Given a function f(x,y), where (x,y) are pixels in an image,
marching squares is a way to approximate the
curve along f(x,y) = 0.
For example, consider the function below
(which you can edit),
evaluated over the unit square:
To the right you can see a very low resolution (10×10)
rendering of this function.
Suppose we want to know the shape of the curve
where this function has its roots (that is, where f(x,y) = 0).
Ideally we'd like to know this without having
to evaluate the function at more samples.
Marching squares provides a way to
get a sense of what a level-set curve of a
function looks like, without taking more samples.
The key insight is that the curve can be approximated
just by looking at those pixels bounded by corner points
(i,j),(i+1,j),(i+1,j+1),(i,j+1)
for which the signs of f at the four corners are not all the same.
If the signs of f are different
at two adjoining corner points of a pixel's square,
that means the curve will cut the edge which
connects those two corners.
One thing we need to figure out is where
this transition happens
along each such edge.
Given a value of A at corner a, and
a value of B at adjoining corner b,
we can compute the proportional distance t of the transition point along the edge [a,b]
by observing, by similar triangles:
t/A = (1-t)/-B
→
-Bt = (1-t)A
→
-Bt = A - tA
→
(A-B)t = A
→
t = A / (A-B)
Each corner can have two states: f < 0 or f ≥ 0,
so in general, there are sixteen cases,
as shown in the diagram to the right.
Consider the second case along the top row of the diagram,
where f at the top left corner (i,j) of a pixel
is positive, but is negative at the other three corners of the pixel.
In this case, there is a transition point p along the top edge --
between (i,j) and (i+1,j), and another transition
point q along the left edge --
between (i,j) and (i,j+1).
Within this pixel, we can approximate the f(x,y)==0 curve
by the line segment [p,q].
So that for any pixel we need to do three things:
Figure out which edges, if any, of the pixel contain transition points
Compute the locations of these points;
Draw line segments between transition points, to approximate pieces of the curve.
Marching Cubes (3D case):
Marching cubes is the 3D equivalent of marching squares.
Rather than approximate a closed curve
where f(x,y)=0
via small straight edges inside square pixels,
as in marching squares,
the marching cubes algorithm approximates a closed surface
where f(x,y,z)=0
via small triangles inside cubic voxels.
The technical paper describing this algorithm, published by Lorensen and Cline in 1987,
has been cited more often than any other paper in the field of computer graphics.
Each voxel cube has eight corners, which can be numbered as follows:
0
x=0 y=0 z=0
1
x=1 y=0 z=0
2
x=0 y=1 z=0
3
x=1 y=1 z=0
4
x=0 y=0 z=1
5
x=1 y=0 z=1
6
x=0 y=1 z=1
7
x=1 y=1 z=1
Because the value of f(x,y,z) at each of these eight corners can be
either
positive
or
negative,
there are 28 or 256 cases to consider.
These are shown in the figure to the right.
The key is to put all of this information
into this table.
The table has 256 entries, one for each of the 256 cases.
Each entry contains between 0 and 4 triangles, which is
the number of triangles that will be produced by the
marching cube algorithm for a voxel of that type.
Each triangle is described by the three edges of the cube
that contain its respective vertices, and
each vertex is described by identifying one cube corner
as well as the orientation of the cube edge that contains that vertex.

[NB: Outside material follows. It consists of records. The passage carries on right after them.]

lemma subgroup_of_cyclic_eq:
  assumes g: "g \<in> carrier G" "carrier G = (\<lambda>a. g [^] a) ` {..<ord g}"
    and ord_g: "ord g = i * k" and H: "subgroup H G" "card H = i"
  shows "H = (\<lambda>t. g [^] (k * t)) ` {..<i}"
proof -
  have "ord g > 0"
    using g(2) one_closed by (cases "ord g") auto
  then have "k > 0" "i > 0"
    using ord_g by auto
  have pow_card: "x [^] i = \<one>" if "x \<in> H" for x
  proof -
    let ?S = "subgroup_generated G H"
    have "carrier ?S = H"
      using H(1) by (simp add: subgroup.carrier_subgroup_generated_subgroup)
    then show ?thesis
      using group.pow_order_eq_1[OF group_subgroup_generated, of x H] that H(2)
      by (simp add: order_def pow_subgroup_generated)
  qed
  have "H \<subseteq> (\<lambda>t. g [^] (k * t)) ` {..<i}"
  proof
    fix x assume "x \<in> H"
    then obtain a where a: "a < i * k" "x = g [^] a"
      using g(2) subgroup.subset[OF H(1)] ord_g by auto
    have "g [^] (a * i) = \<one>"
      using pow_card[OF \<open>x \<in> H\<close>] a(2) g(1) by (simp add: nat_pow_pow)
    then have "i * k dvd i * a"
      using pow_eq_id[OF g(1)] ord_g by (simp add: mult.commute)
    then have "k dvd a"
      using \<open>i > 0\<close> by simp
    then obtain t where "a = k * t" ..
    with a show "x \<in> (\<lambda>t. g [^] (k * t)) ` {..<i}"
      by auto
  qed
  moreover have "inj_on (\<lambda>t. g [^] (k * t)) {..<i}"
    using inj_on_pow_affine[OF g(1) ord_g, of 0] \<open>k > 0\<close> by simp
  then have "card ((\<lambda>t. g [^] (k * t)) ` {..<i}) = card H"
    using H(2) by (simp add: card_image)
  ultimately show ?thesis
    by (intro card_subset_eq) auto
qed

lemma bij_betw_pow_affine_rcoset:
  assumes g: "g \<in> carrier G" "carrier G = (\<lambda>a. g [^] a) ` {..<ord g}"
    and ord_g: "ord g = i * k" and H: "subgroup H G" "card H = i"
  shows "bij_betw (\<lambda>t. g [^] (c mod k + k * t)) {..<i} (H #> g [^] c)"
proof -
  have H_eq: "H = (\<lambda>t. g [^] (k * t)) ` {..<i}"
    using subgroup_of_cyclic_eq[OF g ord_g H] .
  have "ord g > 0"
    using g(2) one_closed by (cases "ord g") auto
  then have "k > 0" "i > 0"
    using ord_g by auto
  have inj: "inj_on (\<lambda>t. g [^] (c mod k + k * t)) {..<i}"
    using inj_on_pow_affine[OF g(1) ord_g] \<open>k > 0\<close> by simp
  have "H #> g [^] c \<subseteq> (\<lambda>t. g [^] (c mod k + k * t)) ` {..<i}"
  proof
    fix x assume "x \<in> H #> g [^] c"
    then obtain t where "x = g [^] (k * t + c)"
      using H_eq g(1) by (auto simp: r_coset_def nat_pow_mult)
    also have "\<dots> = g [^] ((k * t + c) mod (i * k))"
      using pow_mod_ord[OF g(1)] ord_g by simp
    also have "(k * t + c) mod (i * k) = c mod k + k * ((k * t + c) mod (i * k) div k)"
    proof -
      have "(k * t + c) mod (i * k) mod k = c mod k"
        by (simp add: mod_mod_cancel)
      then show ?thesis
        by (metis add.commute mult_div_mod_eq)
    qed
    finally show "x \<in> (\<lambda>t. g [^] (c mod k + k * t)) ` {..<i}"
    proof (rule image_eqI)
      have "(k * t + c) mod (i * k) < i * k"
        using \<open>i > 0\<close> \<open>k > 0\<close> by simp
      then show "(k * t + c) mod (i * k) div k \<in> {..<i}"
        by (simp add: less_mult_imp_div_less)
    qed
  qed
  moreover have "card (H #> g [^] c) = i"
    using card_rcosets_equal[of "H #> g [^] c" H] H g(1) inj
    by (simp add: rcosetsI subgroup.subset card_image)
  ultimately have "H #> g [^] c = (\<lambda>t. g [^] (c mod k + k * t)) ` {..<i}"
    using inj by (intro card_subset_eq) (auto simp: card_image)
  with inj show ?thesis
    by (simp add: bij_betw_def)
qed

For example, a particular vertex of a triangle in the table may be
described by the number sequence 0,1, indicating that this vertex lies on
edge [0,1] of the cube. This is the edge that connects
the x=0 y=0 z=0 corner of the cube and the
x=1 y=0 z=0 corner of the cube.
Marching Tetrahedra (simpler to implement, somewhat less efficient):
To avoid the big table look-up of Marching Cubes,
the technique I generally use is to split up each voxel
into six tetrahedra.
Given the same corner numbering we used for Marching Cubes,
we can partition the voxel cube
by "turning on" the binary bits of the numbered corners in
different orders, giving the six tetrahedra:
Since a tetrahedron has only four edges, there are only
two non-trivial boundary cases:
(1) the boundary is a single triangle, or
(2) the boundary is a four sided shape, which
can be split into two triangles.
This algorithm is a little less efficient than Marching Cubes,
because it generally produces more triangles for each boundary cube. However it requires much less code, and therefore is easier to program and to debug.